A Perfect Red recounts the colorful history of cochineal, a legendary red dye that was once one of the world's most precious commodities. Treasured by the ancient Mexicans, cochineal was sold in the great Aztec marketplaces, where it attracted the attention of the Spanish conquistadors in 1519. Shipped to Europe, the dye created a sensation, producing the brightest, strongest red the world had ever seen. Soon Spain's cochineal monopoly was worth a fortune. Desperate to find their own sources of the elusive dye, the English, French, Dutch, and other Europeans tried to crack the enigma of cochineal.

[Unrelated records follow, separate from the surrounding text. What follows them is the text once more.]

lemma inverse_square_gap_le:
  assumes "1 < \<eta>"
  shows "of_bool (digit_value \<eta> L X \<noteq> mu_star \<eta> L) / (mu_star \<eta> L - digit_value \<eta> L X)^2
         \<le> (\<Sum>k=1..L. \<eta> ^ (2 * k) * indicator {X. \<forall>l\<in>{1..<k}. X l} X)"
proof (cases "\<forall>l\<in>{1..L}. X l")
  case True
  then show ?thesis
    using assms by (simp add: digit_value_eq_mu_star_iff sum_nonneg)
next
  case False
  then obtain l1 where l1: "1 \<le> l1" "l1 \<le> L" "\<not> X l1" by auto
  define k where "k = (LEAST l. 1 \<le> l \<and> l \<le> L \<and> \<not> X l)"
  have k: "1 \<le> k \<and> k \<le> L \<and> \<not> X k"
    unfolding k_def
    by (rule LeastI[where P = "\<lambda>l. 1 \<le> l \<and> l \<le> L \<and> \<not> X l" and k = l1]) (use l1 in auto)
  have k_least: "k \<le> l" if "1 \<le> l" "l \<le> L" "\<not> X l" for l
    unfolding k_def by (rule Least_le) (use that in auto)
  have prefix: "\<forall>l\<in>{1..<k}. X l"
  proof
    fix l assume "l \<in> {1..<k}"
    then show "X l" using k k_least[of l] by force
  qed
  have "of_bool (\<not> X k) / \<eta> ^ k \<le> (\<Sum>l=1..L. of_bool (\<not> X l) / \<eta> ^ l)"
    by (rule member_le_sum) (use k assms in auto)
  then have gap: "1 / \<eta> ^ k \<le> mu_star \<eta> L - digit_value \<eta> L X"
    using k by (simp add: mu_star_minus_digit_value)
  have sq: "(1 / \<eta> ^ k)^2 \<le> (mu_star \<eta> L - digit_value \<eta> L X)^2"
    by (rule power_mono[OF gap]) (use assms in simp)
  have "of_bool (digit_value \<eta> L X \<noteq> mu_star \<eta> L) / (mu_star \<eta> L - digit_value \<eta> L X)^2
      \<le> 1 / (1 / \<eta> ^ k)^2"
    by (rule frac_le[OF _ _ _ sq]) (use assms in simp_all)
  also have "\<dots> = \<eta> ^ (2 * k) * indicator {X. \<forall>l\<in>{1..<k}. X l} X"
    using prefix by (simp add: power_mult power_one_over mult.commute)
  also have "\<dots> \<le> (\<Sum>k=1..L. \<eta> ^ (2 * k) * indicator {X. \<forall>l\<in>{1..<k}. X l} X)"
    by (rule member_le_sum) (use k assms in auto)
  finally show ?thesis .
qed
(* Let $W$ be a nonempty closed subset of $\mathbb{R}$, $n$ a positive integer, $\alpha_1,\dots,\alpha_n\in\mathrm{Aut}(W)$, and $G=\langle\alpha_1,\dots,\alpha_n\rangle$. Suppose $G$ contains no nonabelian free subsemigroup. If $\mathrm{Fix}_W(\alpha_i)\ne\emptyset$ for all $i$, then $\mathrm{Fix}_W(G)\ne\emptyset$.
   Context: $\mathrm{Aut}(W)$ is the group of order preserving bijections of $W$ (with the order induced from $\mathbb{R}$). For a subset $S$ of a group acting on $W$, $\mathrm{Fix}_W(S)$ is the set of points of $W$ fixed by every element of $S$. *)

theory Defs
  imports "HOL-Analysis.Analysis"
begin

text \<open>Aut(W): order preserving bijections of W \<subseteq> \<real>. To make composition
  well-behaved we represent an element by a function on \<real> which is the
  identity outside W.\<close>
definition Aut :: "real set \<Rightarrow> (real \<Rightarrow> real) set" where
  "Aut W = {f. bij_betw f W W \<and> mono_on W f \<and> (\<forall>x. x \<notin> W \<longrightarrow> f x = x)}"

definition aut_inv :: "real set \<Rightarrow> (real \<Rightarrow> real) \<Rightarrow> (real \<Rightarrow> real)" where
  "aut_inv W f = (\<lambda>x. if x \<in> W then inv_into W f x else x)"

inductive_set gen_group :: "real set \<Rightarrow> (real \<Rightarrow> real) set \<Rightarrow> (real \<Rightarrow> real) set"
  for W S where
  gen_id: "id \<in> gen_group W S"
| gen_gen: "f \<in> S \<Longrightarrow> f \<in> gen_group W S"
| gen_inv: "f \<in> S \<Longrightarrow> aut_inv W f \<in> gen_group W S"
| gen_comp: "f \<in> gen_group W S \<Longrightarrow> g \<in> gen_group W S \<Longrightarrow> f \<circ> g \<in> gen_group W S"

fun word_eval :: "(real \<Rightarrow> real) \<Rightarrow> (real \<Rightarrow> real) \<Rightarrow> bool list \<Rightarrow> (real \<Rightarrow> real)" where
  "word_eval f g [] = id"
| "word_eval f g (b # w) = (if b then f else g) \<circ> word_eval f g w"

definition free_semigroup_pair :: "(real \<Rightarrow> real) \<Rightarrow> (real \<Rightarrow> real) \<Rightarrow> bool" where
  "free_semigroup_pair f g \<longleftrightarrow>
     (\<forall>u v. u \<noteq> [] \<longrightarrow> v \<noteq> [] \<longrightarrow> u \<noteq> v \<longrightarrow> word_eval f g u \<noteq> word_eval f g v)"

definition has_nonab_free_subsemigroup :: "(real \<Rightarrow> real) set \<Rightarrow> bool" where
  "has_nonab_free_subsemigroup G \<longleftrightarrow> (\<exists>f\<in>G. \<exists>g\<in>G. free_semigroup_pair f g)"

definition Fix :: "real set \<Rightarrow> (real \<Rightarrow> real) set \<Rightarrow> real set" where
  "Fix W S = {x \<in> W. \<forall>f\<in>S. f x = x}"

end

theory Submission
  imports Defs
begin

Did it come from a worm, a berry, a seed? Could it be stolen from Mexico and transplanted to their own colonies? Pirates, explorers, alchemists, scientists, and spies - all joined the chase for cochineal, a chase that lasted more than three centuries. A Perfect Red tells their stories - true-life tales of mystery, empire, and adventure, in pursuit of the most desirable color on earth.

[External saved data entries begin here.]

lemma spread_line_not_subset_dual_plane: "\<not> spread_line w \<subseteq> dual_plane u"
proof
  assume sub: "spread_line w \<subseteq> dual_plane u"
  have "vec5 1 0 w \<in> spread_line w" "vec5 0 1 (K *v w) \<in> spread_line w"
    by (auto simp: spread_line_def vec.span_base)
  with sub have "vec5 1 0 w \<in> range (dual_point u)" "vec5 0 1 (K *v w) \<in> range (dual_point u)"
    by (auto simp: dual_plane_def)
  then have "scalar_prod u w = 1" "scalar_prod u (w + K *v w) = 0" "scalar_prod u (K *v w) = 0"
    by (auto simp: dual_point_def)
  then show False by (simp add: scalar_prod_add_right)
qed

lemma spread_line_not_subset_infinite_plane:
  assumes "w \<noteq> 0"
  shows "\<not> spread_line w \<subseteq> infinite_plane"
proof
  assume sub: "spread_line w \<subseteq> infinite_plane"
  have "vec5 1 0 w \<in> spread_line w" "vec5 0 1 (K *v w) \<in> spread_line w"
    by (auto simp: spread_line_def vec.span_base)
  with sub have "vec5 1 0 w \<in> infinite_plane" "vec5 0 1 (K *v w) \<in> infinite_plane"
    by auto
  then obtain t t' where w: "w = t *s f" and Kw: "K *v w = t' *s f"
    by (simp only: mem_infinite_plane vec5_eq_iff) blast
  with assms have "t \<noteq> 0" by auto
  with w Kw have "K *v w = (t' / t) *s w" by simp
  with assms no_eigenvalue_K show False by (auto simp: no_eigenvalue_def)
qed

lemma opposite_line_not_subset_dual_plane:
  assumes "(d1, d2) \<noteq> (0, 0)"
  shows "\<not> opposite_line d1 d2 \<subseteq> dual_plane u"
proof
  assume "opposite_line d1 d2 \<subseteq> dual_plane u"
  moreover have "vec5 d1 d2 0 \<in> opposite_line d1 d2"
    by (simp add: opposite_line_def vec.span_base)
  ultimately have "vec5 d1 d2 0 \<in> range (dual_point u)"
    by (auto simp: dual_plane_def)
  with assms show False by (auto simp: dual_point_def scalar_prod_def)
qed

©2005 Amy Butler Greenfield (P)2014 Audible Inc.
This is a well researched, well written, and perfectly narrated history of the color red and of the first widely available red dye, Cochineal.
Very informative, the book includes the history of the relevant times, so as to be accessible even to those who might not be knowledgeable on kings and empires of the past centuries.

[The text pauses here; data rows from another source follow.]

lemma abel_inequality:
  fixes a s :: "nat \<Rightarrow> real"
  assumes partial_sums: "\<And>k. k \<le> n \<Longrightarrow> \<bar>\<Sum>j\<le>k. s j\<bar> \<le> B"
  shows "\<bar>\<Sum>k\<le>n. a k * s k\<bar> \<le> ((\<Sum>k<n. \<bar>a k - a (Suc k)\<bar>) + \<bar>a n\<bar>) * B"
proof -
  have "\<bar>\<Sum>k<n. (a k - a (Suc k)) * (\<Sum>j\<le>k. s j)\<bar> \<le> (\<Sum>k<n. \<bar>a k - a (Suc k)\<bar> * B)"
    by (rule order_trans[OF sum_abs sum_mono])
       (auto simp: abs_mult intro!: mult_left_mono partial_sums)
  moreover have "\<bar>a n * (\<Sum>j\<le>n. s j)\<bar> \<le> \<bar>a n\<bar> * B"
    by (auto simp: abs_mult intro!: mult_left_mono partial_sums)
  ultimately show ?thesis
    unfolding sum_by_parts_atMost[of a s n] distrib_right sum_distrib_right
    by (rule order_trans[OF abs_triangle_ineq add_mono])
qed

definition mean_kernel :: "(nat \<Rightarrow> real) \<Rightarrow> nat \<Rightarrow> real \<Rightarrow> real" where
  "mean_kernel a n t = (\<Sum>k\<le>n. a k * dirichlet_kernel k t)"

lemma mean_kernel_minus [simp]: "mean_kernel a n (- t) = mean_kernel a n t"
  by (simp add: mean_kernel_def)

lemma continuous_on_mean_kernel [continuous_intros]: "continuous_on S (mean_kernel a n)"
  unfolding mean_kernel_def by (intro continuous_intros)

lemma abs_mean_kernel_le:
  assumes "0 < t" "t \<le> pi"
    and nonneg: "\<And>k. k \<le> n \<Longrightarrow> 0 \<le> a k" and sum_one: "(\<Sum>k\<le>n. a k) = 1"
  shows "\<bar>mean_kernel a n t\<bar> \<le> 3 / t"
proof -
  have "\<bar>a k * dirichlet_kernel k t\<bar> \<le> a k * (3 / t)" if "k \<le> n" for k
    using mult_left_mono[OF abs_dirichlet_kernel_le[OF assms(1,2)] nonneg[OF that]] nonneg[OF that]
    by (simp add: abs_mult)
  then have "\<bar>mean_kernel a n t\<bar> \<le> (\<Sum>k\<le>n. a k * (3 / t))"
    unfolding mean_kernel_def by (intro order_trans[OF sum_abs] sum_mono) auto
  also have "\<dots> = 3 / t"
    by (simp only: sum_one flip: sum_distrib_right)
  finally show ?thesis .
qed

lemma abs_mean_kernel_le_variation:
  assumes t: "0 < t" "t \<le> pi"
  shows "\<bar>mean_kernel a n t\<bar> \<le> 18 * ((\<Sum>k<n. \<bar>a k - a (Suc k)\<bar>) + \<bar>a n\<bar>) / t^2"
proof -
  define V where "V = (\<Sum>k<n. \<bar>a k - a (Suc k)\<bar>) + \<bar>a n\<bar>"
  have sin_ge: "t / 6 \<le> sin (t/2)" using sin_half_ge t by simp
  then have sin_pos: "0 < sin (t/2)" using t by linarith
  have partial_sums: "\<bar>\<Sum>j\<le>k. sin ((real j + 1/2) * t)\<bar> \<le> 1 / sin (t/2)" for k
  proof -
    have "sin (t/2) * \<bar>\<Sum>j\<le>k. sin ((real j + 1/2) * t)\<bar>
        = \<bar>2 * sin (t/2) * (\<Sum>j\<le>k. sin ((real j + 1/2) * t))\<bar> / 2"
      using sin_pos by (simp add: abs_mult)
    also have "\<dots> = \<bar>1 - cos ((real k + 1) * t)\<bar> / 2"
      by (simp only: sum_sin_half_odd_closed_form)
    also have "\<dots> \<le> 1"
      using abs_cos_le_one[of "(real k + 1) * t"] by (simp add: abs_le_iff)
    finally show ?thesis using sin_pos by (simp add: field_simps)
  qed
  have "2 * sin (t/2) * mean_kernel a n t = (\<Sum>k\<le>n. a k * sin ((real k + 1/2) * t))"
    unfolding mean_kernel_def sum_distrib_left
    using dirichlet_kernel_closed_form by (simp add: algebra_simps)
  moreover have "2 * sin (t/2) * \<bar>mean_kernel a n t\<bar> = \<bar>2 * sin (t/2) * mean_kernel a n t\<bar>"
    using sin_pos by (simp add: abs_mult)
  ultimately have "2 * sin (t/2) * \<bar>mean_kernel a n t\<bar> = \<bar>\<Sum>k\<le>n. a k * sin ((real k + 1/2) * t)\<bar>"
    by simp
  also have "\<dots> \<le> V * (1 / sin (t/2))"
    unfolding V_def by (rule abel_inequality[OF partial_sums])
  finally have "\<bar>mean_kernel a n t\<bar> \<le> V / (2 * sin (t/2) * sin (t/2))"
    using sin_pos by (simp add: field_simps)
  also have "\<dots> \<le> V / (2 * (t/6) * (t/6))"
    using sin_ge t by (intro divide_left_mono mult_mono) (auto simp: V_def intro!: add_nonneg_nonneg sum_nonneg)
  finally show ?thesis
    by (simp add: V_def power2_eq_square field_simps)
qed

lemma abs_le_tail_variation:
  fixes a :: "nat \<Rightarrow> real"
  assumes "k \<le> n"
  shows "\<bar>a k\<bar> \<le> (\<Sum>j<n. \<bar>a j - a (Suc j)\<bar>) + \<bar>a n\<bar>"
  using assms by (induction n rule: dec_induct) (auto simp: sum_nonneg)

lemma variation_le_of_weighted_variation:
  fixes a :: "nat \<Rightarrow> real" and \<beta> C :: real
  assumes nonneg: "\<And>k. k \<le> n \<Longrightarrow> 0 \<le> a k" and "0 \<le> \<beta>"
    and weighted: "(\<Sum>k<n. (real k + 1) powr \<beta> *
                      \<bar>a k / (real k + 1) powr \<beta> - a (k + 1) / (real k + 2) powr \<beta>\<bar>) \<le> C * a n"
  shows "(\<Sum>k<n. \<bar>a k - a (Suc k)\<bar>) \<le> (2 * C + 1) * a n"
proof -
  define d where "d k = (real k + 1) powr \<beta> * (a k / (real k + 1) powr \<beta> - a (k + 1) / (real k + 2) powr \<beta>)" for k
  have diff_le: "a k - a (Suc k) \<le> d k" if "k < n" for k
  proof -
    have "(real k + 1) powr \<beta> \<le> (real k + 2) powr \<beta>"
      using \<open>0 \<le> \<beta>\<close> by (intro powr_mono2) auto
    then have "(real k + 1) powr \<beta> / (real k + 2) powr \<beta> * a (Suc k) \<le> a (Suc k)"
      using nonneg[of "Suc k"] that by (intro mult_left_le_one_le) auto
    then show ?thesis by (simp add: d_def right_diff_distrib)
  qed
  \<comment> \<open>For \<open>x = a k - a (Suc k)\<close>: \<open>|x| = 2 max x 0 - x\<close> with \<open>max x 0 \<le> |d k|\<close>, and these \<open>x\<close> telescope.\<close>
  have "(\<Sum>k<n. \<bar>a k - a (Suc k)\<bar>) \<le> (\<Sum>k<n. 2 * \<bar>d k\<bar> - (a k - a (Suc k)))"
    using diff_le by (intro sum_mono) fastforce
  also have "\<dots> = 2 * (\<Sum>k<n. \<bar>d k\<bar>) - (a 0 - a n)"
    using sum_lessThan_telescope'[of a n] by (simp only: sum_subtractf sum_distrib_left)
  also have "(\<Sum>k<n. \<bar>d k\<bar>) \<le> C * a n"
    using weighted by (simp add: d_def abs_mult)
  finally show ?thesis using nonneg[of 0] by (simp add: algebra_simps)
qed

Mostly entertaining, except in a few boring places. Recommended if you're interested in the middle ages, the European conquest of the Americas, mysteries, espionage, and the actual PIRATES OF THE CARIBBEAN.
The narration is excellent, always clear, including great pronunciation of all the Spanish, French, and Italian names.
"Red is still "the " colour."
The diverse and sometimes bloody history of true red, given to us by a very tiny beetle known as cochineal. The author takes the reader/listener on a history from cochineals discovery by the Spanish through attempts of other countries attempts to develop their own cochineal farms through the use of chemicals to create red back to the use,if somewhat limited, of the cochineal beetle. A good book well written, with a very few slow paced bits, well read with only minor pauses when pronouncing possibly unknown words. Would I read it again? Yes. Would I recommend the book? Yes I definitely would.